19 Temmuz’da Cumhurbaşkanı Tayyip Erdoğan’ın belirlediği yeni Bakanlar Kurulu’nda bir Kürt ismin olmaması ve yine Erdoğan’ın teşkilatlarda “yenilenme” mesajının ardından bölgeden istifaların gelmesi, AK Parti’nin MHP ile kurduğu ittifakın ardından bölgede politika değişikliğine gittiği yorumlarına neden olmuştu.
Birgün Gazetesi’ne verdiği demecinde AK Parti’nin Kürtlere yönelik yeni bir politikaya girişmediğini söyleyen Ensarioğlu, yeni Bakanlar Kurulu için, “Bakanlık bir tercih meselesidir. Cumhurbaşkanı ve Başbakan, birlikte çalışacağı ekibi belirler. Hükümet meselesi bu açıdan başka bir şey. Doğu’yu ve Güneydoğu’yu yok sayan bir siyaset izlememiz mümkün değil. Bu hiçbir partide olmaması gereken bir anlayıştır. Eğer Kürtleri yok sayarsanız MHP’nin ve CHP’nin olduğu gibi bölgede birer tabela partisine dönüşürsünüz. Sadece tabelaları var, kendileri yok” dedi.
AK Parti’nin MHP ile kurduğu ittifakın yalnızca referandum ile sınırlı olduğunu ve devamının gelmeyeceğini savunan Ensarioğlu, “Zamanında Refah Partisi, MHP ile ittifak kurduğunda çok fazla oy kaybı yaşadı. Bizim kurduğumuz ittifak da referanduma yönelik bir ittifaktı. Bu ittifak zihinsel ve siyasi bir birliktelik anlamına gelmez. AK Parti ve MHP iki ayrı partidir ve birbirinin rakibidir” dedi.

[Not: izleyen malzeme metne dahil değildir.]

lemma asymptotic_radius_nonneg:
  assumes "bounded (range xs)"
  shows "0 \<le> asymptotic_radius xs z"
proof (rule ccontr)
  assume neg: "\<not> 0 \<le> asymptotic_radius xs z"
  then have "\<forall>\<^sub>F n in sequentially. dist z (xs n) \<le> asymptotic_radius xs z / 2"
    by (intro eventually_dist_le_asymptotic_radius[OF assms]) simp
  then obtain n where "dist z (xs n) \<le> asymptotic_radius xs z / 2"
    using eventually_happens'[OF sequentially_bot] by blast
  then show False using neg zero_le_dist[of z "xs n"] by linarith
qed

lemma asymptotic_radius_const [simp]: "asymptotic_radius (\<lambda>_. y) z = dist z y"
  unfolding asymptotic_radius_def by (simp add: atLeast_def[symmetric])

lemma asymptotic_radius_le_add_dist:
  assumes "bounded (range xs)"
  shows "asymptotic_radius xs z \<le> asymptotic_radius xs w + dist z w"
proof (rule field_le_epsilon)
  fix e :: real assume "e > 0"
  then have "\<forall>\<^sub>F n in sequentially. dist w (xs n) \<le> asymptotic_radius xs w + e"
    by (intro eventually_dist_le_asymptotic_radius[OF assms]) simp
  then have "\<forall>\<^sub>F n in sequentially. dist z (xs n) \<le> asymptotic_radius xs w + e + dist z w"
  proof (rule eventually_mono)
    fix n assume "dist w (xs n) \<le> asymptotic_radius xs w + e"
    then show "dist z (xs n) \<le> asymptotic_radius xs w + e + dist z w"
      using dist_triangle[of z "xs n" w] by linarith
  qed
  then show "asymptotic_radius xs z \<le> asymptotic_radius xs w + dist z w + e"
    using asymptotic_radius_le by fastforce
qed

lemma continuous_on_asymptotic_radius:
  assumes "bounded (range xs)"
  shows "continuous_on S (asymptotic_radius xs)"
proof (rule lipschitz_on_continuous_on[of 1], rule lipschitz_onI)
  fix z w
  show "dist (asymptotic_radius xs z) (asymptotic_radius xs w) \<le> 1 * dist z w"
    using asymptotic_radius_le_add_dist[OF assms, of z w] asymptotic_radius_le_add_dist[OF assms, of w z]
    by (simp add: dist_real_def dist_commute abs_le_iff)
qed simp

lemma bounded_asymptotic_radius_sublevel:
  assumes "bounded (range xs)"
  shows "bounded {z. asymptotic_radius xs z \<le> r}"
proof -
  obtain a e where e: "\<forall>n. dist a (xs n) \<le> e" using assms unfolding bounded_def by blast
  have "dist a z \<le> e + (r + 1)" if "asymptotic_radius xs z \<le> r" for z
  proof -
    have "\<forall>\<^sub>F n in sequentially. dist z (xs n) \<le> r + 1"
      using that by (intro eventually_dist_le_asymptotic_radius[OF assms]) simp
    then obtain n where "dist z (xs n) \<le> r + 1" using eventually_happens'[OF sequentially_bot] by blast
    then show ?thesis using e[rule_format, of n] dist_triangle2[of a z "xs n"] by linarith
  qed
  then show ?thesis unfolding bounded_def by blast
qed

lemma geo_quasiconvex_on_asymptotic_radius:
  assumes "busemann_convex TYPE('a::metric_space)" "bounded (range (xs :: nat \<Rightarrow> 'a))"
  shows "geo_quasiconvex_on S (asymptotic_radius xs)"
  unfolding geo_quasiconvex_on_def
proof (intro ballI allI impI)
  fix z1 z2 and c :: "real \<Rightarrow> 'a" and l s
  assume g: "geodesic_between c l z1 z2" and s: "s \<in> {0..l}"
  show "asymptotic_radius xs (c s) \<le> max (asymptotic_radius xs z1) (asymptotic_radius xs z2)"
  proof (rule field_le_epsilon)
    fix e :: real assume "e > 0"
    define r where "r = max (asymptotic_radius xs z1) (asymptotic_radius xs z2) + e"
    have "\<forall>\<^sub>F n in sequentially. dist z1 (xs n) \<le> r \<and> dist z2 (xs n) \<le> r"
      using \<open>e > 0\<close> unfolding r_def
      by (intro eventually_conj eventually_dist_le_asymptotic_radius[OF assms(2)]) auto
    then have "\<forall>\<^sub>F n in sequentially. dist (c s) (xs n) \<le> r"
    proof (rule eventually_mono)
      fix n assume "dist z1 (xs n) \<le> r \<and> dist z2 (xs n) \<le> r"
      moreover obtain s' :: real where "dist (c s) (xs n) \<le> max (dist z1 (xs n)) (dist z2 (xs n))"
        using busemann_convex_geodesics_close[OF assms(1) g geodesic_between_const s] by metis
      ultimately show "dist (c s) (xs n) \<le> r" by linarith
    qed
    then show "asymptotic_radius xs (c s) \<le> max (asymptotic_radius xs z1) (asymptotic_radius xs z2) + e"
      unfolding r_def by (rule asymptotic_radius_le)
  qed
qed

lemma asymptotic_radius_image_le:
  assumes "bounded (range xs)" "\<And>n. dist (T z) (xs (Suc n)) \<le> dist z (xs n)"
  shows "asymptotic_radius xs (T z) \<le> asymptotic_radius xs z"
proof (rule field_le_epsilon)
  fix e :: real assume "e > 0"
  then have "\<forall>\<^sub>F n in sequentially. dist z (xs n) \<le> asymptotic_radius xs z + e"
    by (intro eventually_dist_le_asymptotic_radius[OF assms(1)]) simp
  then have "\<forall>\<^sub>F n in sequentially. dist (T z) (xs (Suc n)) \<le> asymptotic_radius xs z + e"
    by (rule eventually_mono) (use assms(2) order_trans in blast)
  then show "asymptotic_radius xs (T z) \<le> asymptotic_radius xs z + e"
    using eventually_sequentially_Suc[of "\<lambda>n. dist (T z) (xs n) \<le> asymptotic_radius xs z + e"]
    by (simp add: asymptotic_radius_le)
qed

lemma asymptotic_center_exists:
  fixes K :: "'a::complete_space set"
  assumes G: "geodesic_space TYPE('a)" and Bu: "busemann_convex TYPE('a)"
    and U: "modulus_uc TYPE('a) \<delta>" and M: "monotone_modulus \<delta> \<or> lsc_right_modulus \<delta>"
    and "K \<noteq> {}" "closed K" "geo_convex K" and xs: "bounded (range xs)"
  obtains y where "y \<in> K" "\<And>w. w \<in> K \<Longrightarrow> asymptotic_radius xs y \<le> asymptotic_radius xs w"
proof -
  let ?r = "asymptotic_radius xs"
  obtain k where "k \<in> K" using \<open>K \<noteq> {}\<close> by blast
  define L where "L = {z\<in>K. ?r z \<le> ?r k}"
  have cont: "continuous_on S ?r" for S by (rule continuous_on_asymptotic_radius[OF xs])
  have qc: "geo_quasiconvex_on S ?r" for S by (rule geo_quasiconvex_on_asymptotic_radius[OF Bu xs])
  obtain y where y: "y \<in> L" "\<And>w. w \<in> L \<Longrightarrow> ?r y \<le> ?r w"
  proof (rule geo_quasiconvex_on_attains_min[OF G U M, of L ?r])
    show "L \<noteq> {}" using \<open>k \<in> K\<close> unfolding L_def by blast
    show "closed L" unfolding L_def
      using cont \<open>closed K\<close> by (intro continuous_on_closed_Collect_le continuous_on_const)
    show "geo_convex L" unfolding L_def using \<open>geo_convex K\<close> qc by (rule geo_convex_sublevel)
    show "bounded L" unfolding L_def
      by (rule bounded_subset[OF bounded_asymptotic_radius_sublevel[OF xs]]) blast
    show "bdd_below (?r ` L)" by (rule bdd_belowI2[of _ 0]) (rule asymptotic_radius_nonneg[OF xs])
  qed (use cont qc in auto)
  have "?r y \<le> ?r w" if "w \<in> K" for w
  proof (cases "w \<in> L")
    case False
    then have "?r k < ?r w" using that unfolding L_def by auto
    moreover have "?r y \<le> ?r k" using y(2) \<open>k \<in> K\<close> unfolding L_def by blast
    ultimately show ?thesis by linarith
  qed (rule y(2))
  then show ?thesis using that y(1) unfolding L_def by blast
qed

lemma asymptotic_center_unique:
  fixes K :: "'a::metric_space set"
  assumes G: "geodesic_space TYPE('a)" and U: "modulus_uc TYPE('a) \<delta>"
    and M: "monotone_modulus \<delta> \<or> lsc_right_modulus \<delta>"
    and "geo_convex K" and xs: "bounded (range xs)" and "y1 \<in> K" "y2 \<in> K"
    and min1: "\<And>w. w \<in> K \<Longrightarrow> asymptotic_radius xs y1 \<le> asymptotic_radius xs w"
    and min2: "\<And>w. w \<in> K \<Longrightarrow> asymptotic_radius xs y2 \<le> asymptotic_radius xs w"
  shows "y1 = y2"
proof (rule ccontr)
  assume "y1 \<noteq> y2"
  define \<rho> where "\<rho> = asymptotic_radius xs y1"
  have \<rho>2: "asymptotic_radius xs y2 = \<rho>"
    using min1[OF \<open>y2 \<in> K\<close>] min2[OF \<open>y1 \<in> K\<close>] unfolding \<rho>_def by linarith
  have \<rho>0: "0 \<le> \<rho>" unfolding \<rho>_def by (rule asymptotic_radius_nonneg[OF xs])
  have \<epsilon>0: "0 < dist y1 y2" using \<open>y1 \<noteq> y2\<close> by simp
  obtain \<eta> where "\<eta> > 0" and uc: "\<And>a x y m :: 'a. dist x a \<le> \<rho> + \<eta> \<Longrightarrow> dist y a \<le> \<rho> + \<eta>
      \<Longrightarrow> is_midpoint m x y \<Longrightarrow> \<rho> - \<eta> \<le> dist m a \<Longrightarrow> dist x y < dist y1 y2"
    using uniformly_convex_far_midpoint[OF U M \<rho>0 \<epsilon>0] by metis
  obtain q where "q \<in> K" and mid: "is_midpoint q y1 y2"
    using geo_convex_midpoint[OF G \<open>geo_convex K\<close> \<open>y1 \<in> K\<close> \<open>y2 \<in> K\<close>] by blast
  have "\<forall>\<^sub>F n in sequentially. dist y1 (xs n) \<le> \<rho> + \<eta>"
    by (rule eventually_dist_le_asymptotic_radius[OF xs]) (simp add: \<rho>_def \<open>\<eta> > 0\<close>)
  moreover have "\<forall>\<^sub>F n in sequentially. dist y2 (xs n) \<le> \<rho> + \<eta>"
    by (rule eventually_dist_le_asymptotic_radius[OF xs]) (simp add: \<rho>2 \<open>\<eta> > 0\<close>)
  ultimately have "\<forall>\<^sub>F n in sequentially. dist y1 (xs n) \<le> \<rho> + \<eta> \<and> dist y2 (xs n) \<le> \<rho> + \<eta>"
    by (rule eventually_conj)
  then obtain N where N: "\<And>n. n \<ge> N \<Longrightarrow> dist y1 (xs n) \<le> \<rho> + \<eta> \<and> dist y2 (xs n) \<le> \<rho> + \<eta>"
    unfolding eventually_sequentially by blast
  have "\<not> (\<forall>n\<ge>N. dist q (xs n) \<le> \<rho> - \<eta>)"
  proof
    assume "\<forall>n\<ge>N. dist q (xs n) \<le> \<rho> - \<eta>"
    then have "\<forall>\<^sub>F n in sequentially. dist q (xs n) \<le> \<rho> - \<eta>"
      unfolding eventually_sequentially by blast
    then have "asymptotic_radius xs q \<le> \<rho> - \<eta>" by (rule asymptotic_radius_le)
    then show False using min1[OF \<open>q \<in> K\<close>] \<open>\<eta> > 0\<close> unfolding \<rho>_def by linarith
  qed
  then obtain n where "n \<ge> N" "\<not> dist q (xs n) \<le> \<rho> - \<eta>" by blast
  then have "dist y1 y2 < dist y1 y2"
    using N[OF \<open>n \<ge> N\<close>] by (intro uc[OF _ _ mid]) auto
  then show False by simp
qed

Referandumda MHP ile kurulan ittifakın bölgede negatif bir etki oluşturmadığını söyleyen Ensarioğlu, bu ittifakın en büyük sorumlusunun HDP olduğunu söyledi. HDP’nin AK Partiyi 2010 referandumunda, 7 Haziran sonrasındaki hükümet kurma çabalarında ve başkanlık sistemini içeren Anayasa değişikliği referandumunda desteklemediğine vurgu yapan Ensarioğlu, “Destek vermediğiniz zaman başkasının verdiği desteği sorgulama hakkınız da olmaz. Burada HDP’nin günahı da aranmalı. HDP’nin 7 Haziran sonrası ve referandumdaki tavrı nedeni ile partimizin MHP ile ittifakı Kürtler tarafından makul karşılandı” ifadelerini kullandı.
AK Partinin kurulduğu günden bu güne Kürtleri yok sayan bir anlayışta olmadığını söyleyen Ensarioğlu, “Partimiz referandumda Güneydoğu’da oylarının tamamını artırmıştır. Oyunu artırmadığı tek bir Güneydoğu vilayeti yoktur. Batıda da özellikle Güneydoğulu vatandaşların yaşadığı semtlerde oy artışları yaşandı. Diğer yerlerde ise oylar düştü. Güneydoğu’ya ve Kürtlere negatif bir bakış açısı, bu nedenlerle yoktur ve kabul edilemez” diye konuştu.